The best option, of course, is to start a separate Zoom conference on a second device, to listen to our booth mate‘s rendition via a second set of earphones, support them by looking up the agenda and know when it‘s ideal to hand over the microphone. Depending on the Internet connection it‘s advisable, though, to disable the video function on the second device, meaning we cannot see them (or we do, on a very small iPhone or iPad screen).


Little online helpers

Instead, we’ve come to like online tools that help us professionalise our virtual booth (yet we use them depending on the client’s data protection requirements, of course!).


Etherpad

An etherpad like MeetingWords or Google Docs helps us to communicate with our booth mates in real-time, so we can read what they write even before they’ve finished typing a word.


Online timer

An online timer for remote teams like Cuckoo Team helps with blind handovers as we’ll hear a ping in our ears when the agreed time is up (instead of gesturing or pointing towards each other).
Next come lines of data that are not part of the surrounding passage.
(* Let $B$ be a Horn program, $E^+,E^-$ finite sets of ground atoms, and $H_1,H_2,H_3\in\mathcal{H}_{D,C}$ hypotheses with $H_3$ a generalization of $H_1$. If $S_{MDL}(H_2,B,E^+,E^-) - S_{MDL}(H_1,B,E^+,E^-) > fn(H_1,B,E^+) - (size(H_3)-size(H_1))$, then $S_{MDL}(H_2,B,E^+,E^-) > S_{MDL}(H_3,B,E^+,E^-)$.
   Context: A definite clause is a clause with exactly one positive literal. A hypothesis is a finite set of definite clauses; $\mathcal{H}_{D,C}$ denotes the hypothesis space of hypotheses consistent with a declaration bias $D$ and hypothesis constraints $C$ (only membership matters). $size(H)$ is the total number of literals in $H$. $B$ is background knowledge, $E^+$ positive and $E^-$ negative examples. For a hypothesis $H$: $tp(H,B,E^+)=|\{e\in E^+ : H\cup B\models e\}|$, $tn(H,B,E^-)=|\{e\in E^- : H\cup B\not\models e\}|$, $fn(H,B,E^+)=|E^+|-tp(H,B,E^+)$, and $S_{MDL}(H,B,E^+,E^-)=tp(H,B,E^+)+tn(H,B,E^-)-size(H)$. A clause $C_1$ subsumes a clause $C_2$ iff there is a substitution $\theta$ with $C_1\theta\subseteq C_2$. A clausal theory $T_1$ subsumes $T_2$ ($T_1\preceq T_2$) iff every clause of $T_2$ is subsumed by some clause of $T_1$. $T_1$ is a generalization of $T_2$ iff $T_1\preceq T_2$, and a specialization of $T_2$ iff $T_2\preceq T_1$. *)

theory Defs
  imports Main
begin

datatype ('f, 'v) trm = Var 'v | Fun 'f "('f, 'v) trm list"

type_synonym ('p, 'f, 'v) atom = "'p \<times> ('f, 'v) trm list"

datatype ('p, 'f, 'v) lit = Pos "('p, 'f, 'v) atom" | Neg "('p, 'f, 'v) atom"

type_synonym ('p, 'f, 'v) clause = "('p, 'f, 'v) lit set"

fun subst_trm :: "('v \<Rightarrow> ('f, 'v) trm) \<Rightarrow> ('f, 'v) trm \<Rightarrow> ('f, 'v) trm" where
  "subst_trm \<theta> (Var x) = \<theta> x"
| "subst_trm \<theta> (Fun f ts) = Fun f (map (subst_trm \<theta>) ts)"

definition subst_atom :: "('v \<Rightarrow> ('f, 'v) trm) \<Rightarrow> ('p, 'f, 'v) atom \<Rightarrow> ('p, 'f, 'v) atom" where
  "subst_atom \<theta> a = (fst a, map (subst_trm \<theta>) (snd a))"

fun subst_lit :: "('v \<Rightarrow> ('f, 'v) trm) \<Rightarrow> ('p, 'f, 'v) lit \<Rightarrow> ('p, 'f, 'v) lit" where
  "subst_lit \<theta> (Pos a) = Pos (subst_atom \<theta> a)"
| "subst_lit \<theta> (Neg a) = Neg (subst_atom \<theta> a)"

definition subst_cls :: "('v \<Rightarrow> ('f, 'v) trm) \<Rightarrow> ('p, 'f, 'v) clause \<Rightarrow> ('p, 'f, 'v) clause" where
  "subst_cls \<theta> C = subst_lit \<theta> ` C"

fun vars_trm :: "('f, 'v) trm \<Rightarrow> 'v set" where
  "vars_trm (Var x) = {x}"
| "vars_trm (Fun f ts) = (\<Union>t\<in>set ts. vars_trm t)"

definition ground_trm :: "('f, 'v) trm \<Rightarrow> bool" where
  "ground_trm t \<longleftrightarrow> vars_trm t = {}"

definition ground_atom :: "('p, 'f, 'v) atom \<Rightarrow> bool" where
  "ground_atom a \<longleftrightarrow> (\<forall>t\<in>set (snd a). ground_trm t)"

definition is_pos :: "('p, 'f, 'v) lit \<Rightarrow> bool" where
  "is_pos l \<longleftrightarrow> (\<exists>a. l = Pos a)"

definition definite_clause :: "('p, 'f, 'v) clause \<Rightarrow> bool" where
  "definite_clause C \<longleftrightarrow> finite C \<and> card {l \<in> C. is_pos l} = 1"

definition hypothesis :: "('p, 'f, 'v) clause set \<Rightarrow> bool" where
  "hypothesis H \<longleftrightarrow> finite H \<and> (\<forall>C\<in>H. definite_clause C)"

definition horn_program :: "('p, 'f, 'v) clause set \<Rightarrow> bool" where
  "horn_program B \<longleftrightarrow> finite B \<and> (\<forall>C\<in>B. definite_clause C)"

definition hsize :: "('p, 'f, 'v) clause set \<Rightarrow> nat" where
  "hsize H = (\<Sum>C\<in>H. card C)"

type_synonym ('p, 'f, 'v) interp = "('p, 'f, 'v) atom set"

fun lit_true :: "('p, 'f, 'v) interp \<Rightarrow> ('p, 'f, 'v) lit \<Rightarrow> bool" where
  "lit_true I (Pos a) \<longleftrightarrow> a \<in> I"
| "lit_true I (Neg a) \<longleftrightarrow> a \<notin> I"

definition ground_subst :: "('v \<Rightarrow> ('f, 'v) trm) \<Rightarrow> bool" where
  "ground_subst \<sigma> \<longleftrightarrow> (\<forall>x. ground_trm (\<sigma> x))"

text \<open>A clause (implicitly universally closed) is true in a Herbrand interpretation
  iff every ground instance contains a true literal.\<close>
definition clause_true :: "('p, 'f, 'v) interp \<Rightarrow> ('p, 'f, 'v) clause \<Rightarrow> bool" where
  "clause_true I C \<longleftrightarrow> (\<forall>\<sigma>. ground_subst \<sigma> \<longrightarrow> (\<exists>l\<in>C. lit_true I (subst_lit \<sigma> l)))"

definition is_model :: "('p, 'f, 'v) interp \<Rightarrow> ('p, 'f, 'v) clause set \<Rightarrow> bool" where
  "is_model I T \<longleftrightarrow> (\<forall>C\<in>T. clause_true I C)"

definition entails :: "('p, 'f, 'v) clause set \<Rightarrow> ('p, 'f, 'v) atom \<Rightarrow> bool" where
  "entails T e \<longleftrightarrow> (\<forall>I. is_model I T \<longrightarrow> e \<in> I)"

definition tp :: "('p, 'f, 'v) clause set \<Rightarrow> ('p, 'f, 'v) clause set \<Rightarrow> ('p, 'f, 'v) atom set \<Rightarrow> nat" where
  "tp H B Ep = card {e \<in> Ep. entails (H \<union> B) e}"

definition tn :: "('p, 'f, 'v) clause set \<Rightarrow> ('p, 'f, 'v) clause set \<Rightarrow> ('p, 'f, 'v) atom set \<Rightarrow> nat" where
  "tn H B En = card {e \<in> En. \<not> entails (H \<union> B) e}"

definition fn :: "('p, 'f, 'v) clause set \<Rightarrow> ('p, 'f, 'v) clause set \<Rightarrow> ('p, 'f, 'v) atom set \<Rightarrow> nat" where
  "fn H B Ep = card Ep - tp H B Ep"

definition S_MDL :: "('p, 'f, 'v) clause set \<Rightarrow> ('p, 'f, 'v) clause set \<Rightarrow> ('p, 'f, 'v) atom set \<Rightarrow> ('p, 'f, 'v) atom set \<Rightarrow> int" where
  "S_MDL H B Ep En = int (tp H B Ep) + int (tn H B En) - int (hsize H)"

definition subsumes :: "('p, 'f, 'v) clause \<Rightarrow> ('p, 'f, 'v) clause \<Rightarrow> bool" where
  "subsumes C1 C2 \<longleftrightarrow> (\<exists>\<theta>. subst_cls \<theta> C1 \<subseteq> C2)"

definition theory_subsumes :: "('p, 'f, 'v) clause set \<Rightarrow> ('p, 'f, 'v) clause set \<Rightarrow> bool" where
  "theory_subsumes T1 T2 \<longleftrightarrow> (\<forall>C2\<in>T2. \<exists>C1\<in>T1. subsumes C1 C2)"

definition generalization :: "('p, 'f, 'v) clause set \<Rightarrow> ('p, 'f, 'v) clause set \<Rightarrow> bool" where
  "generalization T1 T2 \<longleftrightarrow> theory_subsumes T1 T2"

end

theory Submission
  imports Defs
begin

text \<open>Subsumption is sound, so a generalization \<open>H\<^sub>3\<close> of \<open>H\<^sub>1\<close> entails (together with \<open>B\<close>)
  every atom that \<open>H\<^sub>1\<close> entails. Hence \<open>H\<^sub>3\<close> can newly cover at most the \<open>fn(H\<^sub>1)\<close> positive
  examples missed by \<open>H\<^sub>1\<close> and cannot gain true negatives, which gives
  \<open>S_MDL(H\<^sub>3) \<le> S_MDL(H\<^sub>1) + fn(H\<^sub>1) - (size(H\<^sub>3) - size(H\<^sub>1))\<close>; the hypothesis says
  exactly that \<open>S_MDL(H\<^sub>2)\<close> exceeds this bound.\<close>

lemma subst_trm_subst_trm:
  "subst_trm \<sigma> (subst_trm \<theta> t) = subst_trm (\<lambda>x. subst_trm \<sigma> (\<theta> x)) t"
  by (induction t) auto

lemma subst_lit_subst_lit:
  "subst_lit \<sigma> (subst_lit \<theta> l) = subst_lit (\<lambda>x. subst_trm \<sigma> (\<theta> x)) l"
  by (cases l) (auto simp: subst_atom_def subst_trm_subst_trm)

lemma ground_trm_subst_trm: "ground_subst \<sigma> \<Longrightarrow> ground_trm (subst_trm \<sigma> t)"
  by (induction t) (auto simp: ground_subst_def ground_trm_def)

lemma ground_subst_comp: "ground_subst \<sigma> \<Longrightarrow> ground_subst (\<lambda>x. subst_trm \<sigma> (\<theta> x))"
  by (simp add: ground_subst_def ground_trm_subst_trm)

lemma clause_true_subsumes:
  fixes C1 C2 :: "('p, 'f, 'v) clause"
  assumes "subsumes C1 C2" and "clause_true I C1"
  shows "clause_true I C2"
  unfolding clause_true_def
proof (intro allI impI)
  fix \<sigma> :: "'v \<Rightarrow> ('f, 'v) trm"
  assume "ground_subst \<sigma>"
  obtain \<theta> where \<theta>: "subst_cls \<theta> C1 \<subseteq> C2"
    using assms(1) subsumes_def by blast
  obtain l where "l \<in> C1" and "lit_true I (subst_lit (\<lambda>x. subst_trm \<sigma> (\<theta> x)) l)"
    using assms(2) ground_subst_comp[OF \<open>ground_subst \<sigma>\<close>] clause_true_def by blast
  moreover have "subst_lit \<theta> l \<in> C2" if "l \<in> C1"
    using that \<theta> by (auto simp: subst_cls_def)
  ultimately show "\<exists>l\<in>C2. lit_true I (subst_lit \<sigma> l)"
    by (metis subst_lit_subst_lit)
qed

lemma is_model_theory_subsumes:
  "theory_subsumes T1 T2 \<Longrightarrow> is_model I T1 \<Longrightarrow> is_model I T2"
  unfolding theory_subsumes_def is_model_def by (meson clause_true_subsumes)

lemma entails_generalization:
  assumes "generalization H' H" and "entails (H \<union> B) e"
  shows "entails (H' \<union> B) e"
proof -
  have "is_model I (H \<union> B)" if "is_model I (H' \<union> B)" for I
    using that assms(1) is_model_theory_subsumes[of H' H I]
    unfolding generalization_def is_model_def by blast
  then show ?thesis
    using assms(2) unfolding entails_def by blast
qed

lemma tn_generalization_le:
  assumes "generalization H' H" and "finite En"
  shows "tn H' B En \<le> tn H B En"
  unfolding tn_def
  by (rule card_mono) (use assms(2) entails_generalization[OF assms(1)] in auto)

lemma tp_le_card: "finite Ep \<Longrightarrow> tp H B Ep \<le> card Ep"
  unfolding tp_def by (rule card_mono) auto

lemma S_MDL_generalization_le:
  assumes "generalization H' H" and "finite Ep" and "finite En"
  shows "S_MDL H' B Ep En
           \<le> S_MDL H B Ep En + int (fn H B Ep) - (int (hsize H') - int (hsize H))"
proof -
  have "int (fn H B Ep) = int (card Ep) - int (tp H B Ep)"
    using tp_le_card[OF assms(2)] unfolding fn_def by simp
  then show ?thesis
    using tn_generalization_le[OF assms(1,3), of B] tp_le_card[OF assms(2), of H' B]
    unfolding S_MDL_def by linarith
qed

theorem proposition4p10:
  fixes B :: "('p, 'f, 'v) clause set"
    and Ep En :: "('p, 'f, 'v) atom set"
    and HDC :: "('p, 'f, 'v) clause set set"
    and H1 H2 H3 :: "('p, 'f, 'v) clause set"
  assumes "horn_program B"
    and "finite Ep" and "\<forall>e\<in>Ep. ground_atom e"
    and "finite En" and "\<forall>e\<in>En. ground_atom e"
    and "\<forall>H\<in>HDC. hypothesis H"
    and "H1 \<in> HDC" and "H2 \<in> HDC" and "H3 \<in> HDC"
    and "generalization H3 H1"
    and "S_MDL H2 B Ep En - S_MDL H1 B Ep En
           > int (fn H1 B Ep) - (int (hsize H3) - int (hsize H1))"
  shows "S_MDL H2 B Ep En > S_MDL H3 B Ep En"
  using S_MDL_generalization_le[OF assms(10,2,4), of B] assms(11) by linarith

end
(* Let $V\subseteq\gamma_D$ be finite with $|V|\ge D+1$, let $T$ be a triangulation of $\mathrm{conv}(V)$ all of whose vertices lie in $V$, and let $\sigma\subseteq V$ be a $k$-simplex with $\lceil D/2\rceil\le k\le D$. If $T$ contains the $\lceil D/2\rceil$-dimensional skeleton of $\sigma$ (all faces of $\sigma$ of dimension at most $\lceil D/2\rceil$), then $\sigma\in T$.
   Context: $\gamma_D=\{(t,t^2,\dots,t^D):t\in\mathbb{R}\}$ is the moment curve in $\mathbb{R}^D$. A $k$-simplex on $\gamma_D$ is $\mathrm{conv}(\sigma)$ for $\sigma\subseteq\gamma_D$ with $|\sigma|=k+1$. A triangulation of a polytope is a geometric simplicial complex whose union is the polytope. *)

theory Defs
  imports "HOL-Analysis.Analysis"
begin

text \<open>Moment curve in R^D, D = CARD('n). Coordinates are indexed by a finite
linearly ordered type; the i-th coordinate (in the order of 'n, counted from 1)
is t to the power i.\<close>
definition moment_point :: "real \<Rightarrow> real ^ 'n::{finite,linorder}" where
  "moment_point t = (\<chi> i. t ^ card {j. j \<le> i})"

definition moment_curve :: "(real ^ 'n::{finite,linorder}) set" where
  "moment_curve = range moment_point"

definition simplicial_complex :: "('a::euclidean_space) set set \<Rightarrow> bool" where
  "simplicial_complex T \<longleftrightarrow>
     (\<forall>\<sigma>\<in>T. finite \<sigma> \<and> \<sigma> \<noteq> {} \<and> \<not> affine_dependent \<sigma>) \<and>
     (\<forall>\<sigma>\<in>T. \<forall>\<tau>. \<tau> \<subseteq> \<sigma> \<and> \<tau> \<noteq> {} \<longrightarrow> \<tau> \<in> T) \<and>
     (\<forall>\<sigma>\<in>T. \<forall>\<tau>\<in>T. convex hull \<sigma> \<inter> convex hull \<tau> = convex hull (\<sigma> \<inter> \<tau>))"

definition triangulation_of :: "('a::euclidean_space) set set \<Rightarrow> 'a set \<Rightarrow> bool" where
  "triangulation_of T P \<longleftrightarrow> simplicial_complex T \<and> \<Union>((\<lambda>\<sigma>. convex hull \<sigma>) ` T) = P"

end

theory Submission
  imports Defs "HOL-Computational_Algebra.Polynomial"
begin

text \<open>
  Suppose \<sigma> \<notin> T. The barycentre of \<sigma> lies in the relative interior of a simplex \<tau> of T, and
  comparing the two positive barycentric representations yields disjoint P \<subseteq> \<sigma> and N \<subseteq> \<tau>
  whose convex hulls meet. Affine functions restricted to the moment curve are exactly the
  polynomials of degree at most D, so no such polynomial has the sign pattern of P against N
  along the curve. Hence the pattern changes sign at least D + 1 times, and D + 2 alternating
  points give P' \<subseteq> P and N' \<subseteq> N whose hulls still meet: a separating hyperplane would be a
  polynomial of degree at most D with D + 1 roots. Since P' has at most ceil(D/2) + 1 points, it
  is a face of \<sigma> lying in T, and N' is a face of \<tau>; but disjoint simplices of T have disjoint
  convex hulls.
\<close>

lemma simplicial_complex_finite: "simplicial_complex T \<Longrightarrow> \<rho> \<in> T \<Longrightarrow> finite \<rho>"
  by (simp add: simplicial_complex_def)

lemma simplicial_complex_face:
  "simplicial_complex T \<Longrightarrow> \<rho> \<in> T \<Longrightarrow> \<tau> \<subseteq> \<rho> \<Longrightarrow> \<tau> \<noteq> {} \<Longrightarrow> \<tau> \<in> T"
  unfolding simplicial_complex_def by blast

lemma simplicial_complex_disjoint_convex_hulls:
  assumes "simplicial_complex T" and "\<rho> \<in> T" and "\<tau> \<in> T" and "\<rho> \<inter> \<tau> = {}"
  shows "convex hull \<rho> \<inter> convex hull \<tau> = {}"
  using assms unfolding simplicial_complex_def by (metis convex_hull_empty)

lemma triangulation_point_in_open_simplex:
  assumes "triangulation_of T K" and "x \<in> K"
  obtains \<tau> \<mu> where "\<tau> \<in> T" and "\<forall>v\<in>\<tau>. 0 < \<mu> v" and "sum \<mu> \<tau> = 1" and "(\<Sum>v\<in>\<tau>. \<mu> v *\<^sub>R v) = x"
proof -
  have T: "simplicial_complex T" "\<Union>((\<lambda>\<sigma>. convex hull \<sigma>) ` T) = K"
    using assms(1) by (simp_all add: triangulation_of_def)
  obtain \<rho> where "\<rho> \<in> T" "x \<in> convex hull \<rho>"
    using T(2) assms(2) by blast
  have "finite \<rho>" using T(1) \<open>\<rho> \<in> T\<close> by (rule simplicial_complex_finite)
  then obtain \<mu> where \<mu>: "\<forall>v\<in>\<rho>. 0 \<le> \<mu> v" "sum \<mu> \<rho> = 1" "(\<Sum>v\<in>\<rho>. \<mu> v *\<^sub>R v) = x"
    using \<open>x \<in> convex hull \<rho>\<close> unfolding convex_hull_finite[OF \<open>finite \<rho>\<close>] by blast
  define \<tau> where "\<tau> = {v\<in>\<rho>. 0 < \<mu> v}"
  have "\<tau> \<subseteq> \<rho>" by (simp add: \<tau>_def)
  have "sum \<mu> \<tau> = sum \<mu> \<rho>"
    using \<open>finite \<rho>\<close> \<open>\<tau> \<subseteq> \<rho>\<close> \<mu>(1) by (intro sum.mono_neutral_left) (auto simp: \<tau>_def)
  moreover have "(\<Sum>v\<in>\<tau>. \<mu> v *\<^sub>R v) = (\<Sum>v\<in>\<rho>. \<mu> v *\<^sub>R v)"
    using \<open>finite \<rho>\<close> \<open>\<tau> \<subseteq> \<rho>\<close> \<mu>(1) by (intro sum.mono_neutral_left) (auto simp: \<tau>_def)
  ultimately have "sum \<mu> \<tau> = 1" "(\<Sum>v\<in>\<tau>. \<mu> v *\<^sub>R v) = x" using \<mu>(2,3) by simp_all
  moreover have "\<tau> \<in> T"
  proof -
    have "\<tau> \<noteq> {}" using \<open>sum \<mu> \<tau> = 1\<close> by auto
    then show ?thesis by (rule simplicial_complex_face[OF T(1) \<open>\<rho> \<in> T\<close> \<open>\<tau> \<subseteq> \<rho>\<close>])
  qed
  moreover have "\<forall>v\<in>\<tau>. 0 < \<mu> v" by (simp add: \<tau>_def)
  ultimately show ?thesis using that by blast
qed

lemma normalized_sum_in_convex_hull:
  fixes A :: "'a::real_vector set"
  assumes "finite A" and "\<forall>v\<in>A. 0 \<le> u v" and "sum u A > 0"
  shows "(\<Sum>v\<in>A. (u v / sum u A) *\<^sub>R v) \<in> convex hull A"
  unfolding convex_hull_finite[OF assms(1)] using assms(2,3)
  by (auto intro!: exI[of _ "\<lambda>v. u v / sum u A"] simp: sum_divide_distrib[symmetric])

lemma convex_hull_positive_negative_parts_meet:
  fixes w :: "'a::euclidean_space \<Rightarrow> real"
  assumes "finite W" and "sum w W = 0" and "(\<Sum>v\<in>W. w v *\<^sub>R v) = 0" and "\<exists>v\<in>W. w v \<noteq> 0"
  shows "convex hull {v\<in>W. 0 < w v} \<inter> convex hull {v\<in>W. w v < 0} \<noteq> {}"
proof -
  define Pos where "Pos = {v\<in>W. 0 < w v}"
  define Neg where "Neg = {v\<in>W. w v < 0}"
  define s where "s = sum w Pos"
  have fin: "finite Pos" "finite Neg" using assms(1) by (simp_all add: Pos_def Neg_def)
  have s_Neg: "sum (\<lambda>v. - w v) Neg = s"
    using Radon_s_lemma[OF assms(1,2)] by (simp add: s_def Pos_def Neg_def sum_negf)
  have vec_Neg: "(\<Sum>v\<in>Neg. (- w v) *\<^sub>R v) = (\<Sum>v\<in>Pos. w v *\<^sub>R v)"
    using Radon_v_lemma[OF assms(1,3), of w] by (simp add: Pos_def Neg_def sum_negf)
  have "s > 0"
  proof -
    obtain v where "v \<in> W" "w v \<noteq> 0" using assms(4) by blast
    then consider "v \<in> Pos" | "v \<in> Neg" by (force simp: Pos_def Neg_def)
    then show ?thesis
    proof cases
      case 1
      then show ?thesis unfolding s_def using fin by (intro sum_pos2) (auto simp: Pos_def)
    next
      case 2
      then have "sum (\<lambda>v. - w v) Neg > 0" using fin by (intro sum_pos2) (auto simp: Neg_def)
      then show ?thesis using s_Neg by simp
    qed
  qed
  have rescale: "(\<Sum>v\<in>A. (u v / s) *\<^sub>R v) = (1 / s) *\<^sub>R (\<Sum>v\<in>A. u v *\<^sub>R v)" for A :: "'a set" and u
    by (simp add: scaleR_sum_right)
  have "(\<Sum>v\<in>Pos. (w v / s) *\<^sub>R v) \<in> convex hull Pos"
    using normalized_sum_in_convex_hull[OF fin(1), of w] \<open>s > 0\<close> by (simp add: s_def Pos_def)
  moreover have "(\<Sum>v\<in>Neg. (- w v / s) *\<^sub>R v) \<in> convex hull Neg"
    using normalized_sum_in_convex_hull[OF fin(2), of "\<lambda>v. - w v"] \<open>s > 0\<close> s_Neg by (simp add: Neg_def)
  moreover have "(\<Sum>v\<in>Neg. (- w v / s) *\<^sub>R v) = (\<Sum>v\<in>Pos. (w v / s) *\<^sub>R v)"
    using rescale[of "\<lambda>v. - w v"] rescale[of w] vec_Neg by simp
  ultimately show ?thesis unfolding Pos_def Neg_def by auto
qed

lemma distinct_open_simplices_meet_imp_disjoint_faces_meet:
  fixes \<sigma> \<tau> :: "'a::euclidean_space set"
  assumes "finite \<sigma>" and "finite \<tau>" and "\<sigma> \<noteq> \<tau>"
    and "\<forall>v\<in>\<sigma>. 0 < \<alpha> v" and "sum \<alpha> \<sigma> = 1" and "\<forall>v\<in>\<tau>. 0 < \<beta> v" and "sum \<beta> \<tau> = 1"
    and "(\<Sum>v\<in>\<sigma>. \<alpha> v *\<^sub>R v) = (\<Sum>v\<in>\<tau>. \<beta> v *\<^sub>R v)"
  shows "\<exists>P\<subseteq>\<sigma>. \<exists>N\<subseteq>\<tau>. P \<inter> N = {} \<and> convex hull P \<inter> convex hull N \<noteq> {}"
proof -
  define W where "W = \<sigma> \<union> \<tau>"
  define w where "w v = (if v \<in> \<sigma> then \<alpha> v else 0) - (if v \<in> \<tau> then \<beta> v else 0)" for v
  have "finite W" "\<sigma> \<subseteq> W" "\<tau> \<subseteq> W" using assms(1,2) by (simp_all add: W_def)
  have restrict: "(\<Sum>v\<in>W. if v \<in> A then f v else 0) = sum f A" if "A \<subseteq> W" for A and f :: "'a \<Rightarrow> 'b::comm_monoid_add"
    using sum.inter_restrict[OF \<open>finite W\<close>, of f A] that by (simp add: Int_absorb1)
  have "sum w W = sum \<alpha> \<sigma> - sum \<beta> \<tau>"
    unfolding w_def sum_subtractf by (simp add: restrict \<open>\<sigma> \<subseteq> W\<close> \<open>\<tau> \<subseteq> W\<close>)
  moreover have "(\<Sum>v\<in>W. w v *\<^sub>R v) = (\<Sum>v\<in>\<sigma>. \<alpha> v *\<^sub>R v) - (\<Sum>v\<in>\<tau>. \<beta> v *\<^sub>R v)"
    unfolding w_def scaleR_diff_left sum_subtractf if_distrib[of "\<lambda>c. c *\<^sub>R _"] scaleR_zero_left
    by (simp add: restrict \<open>\<sigma> \<subseteq> W\<close> \<open>\<tau> \<subseteq> W\<close>)
  moreover have "\<exists>v\<in>W. w v \<noteq> 0"
  proof -
    obtain v where "v \<in> \<sigma> - \<tau> \<or> v \<in> \<tau> - \<sigma>" using assms(3) by blast
    then have "w v \<noteq> 0" using assms(4,6) by (auto simp: w_def)
    then show ?thesis using \<open>v \<in> \<sigma> - \<tau> \<or> v \<in> \<tau> - \<sigma>\<close> by (auto simp: W_def)
  qed
  ultimately have "convex hull {v\<in>W. 0 < w v} \<inter> convex hull {v\<in>W. w v < 0} \<noteq> {}"
    using assms(5,7,8) by (intro convex_hull_positive_negative_parts_meet[OF \<open>finite W\<close>]) simp_all
  moreover have "{v\<in>W. 0 < w v} \<subseteq> \<sigma>"
    using assms(6) by (auto simp: w_def less_le_not_le)
  moreover have "{v\<in>W. w v < 0} \<subseteq> \<tau>"
    using assms(4) by (auto simp: w_def less_le_not_le)
  moreover have "{v\<in>W. 0 < w v} \<inter> {v\<in>W. w v < 0} = {}" by auto
  ultimately show ?thesis by blast
qed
Then we‘ll know it‘s time to mute our mic and let our booth mate take over.


Online dictionary

Also, an online dictionary like Linguee comes in handy in case we need to look up any last-minute vocabulary.


Conclusion

All these tools make simultaneous interpreting at virtual events possible, even in times of COVID-19 when not all participants can or want to attend physically. Yet it's not a replacement for an in-person event, as you might have guessed from this sneak peek into the virtual booth.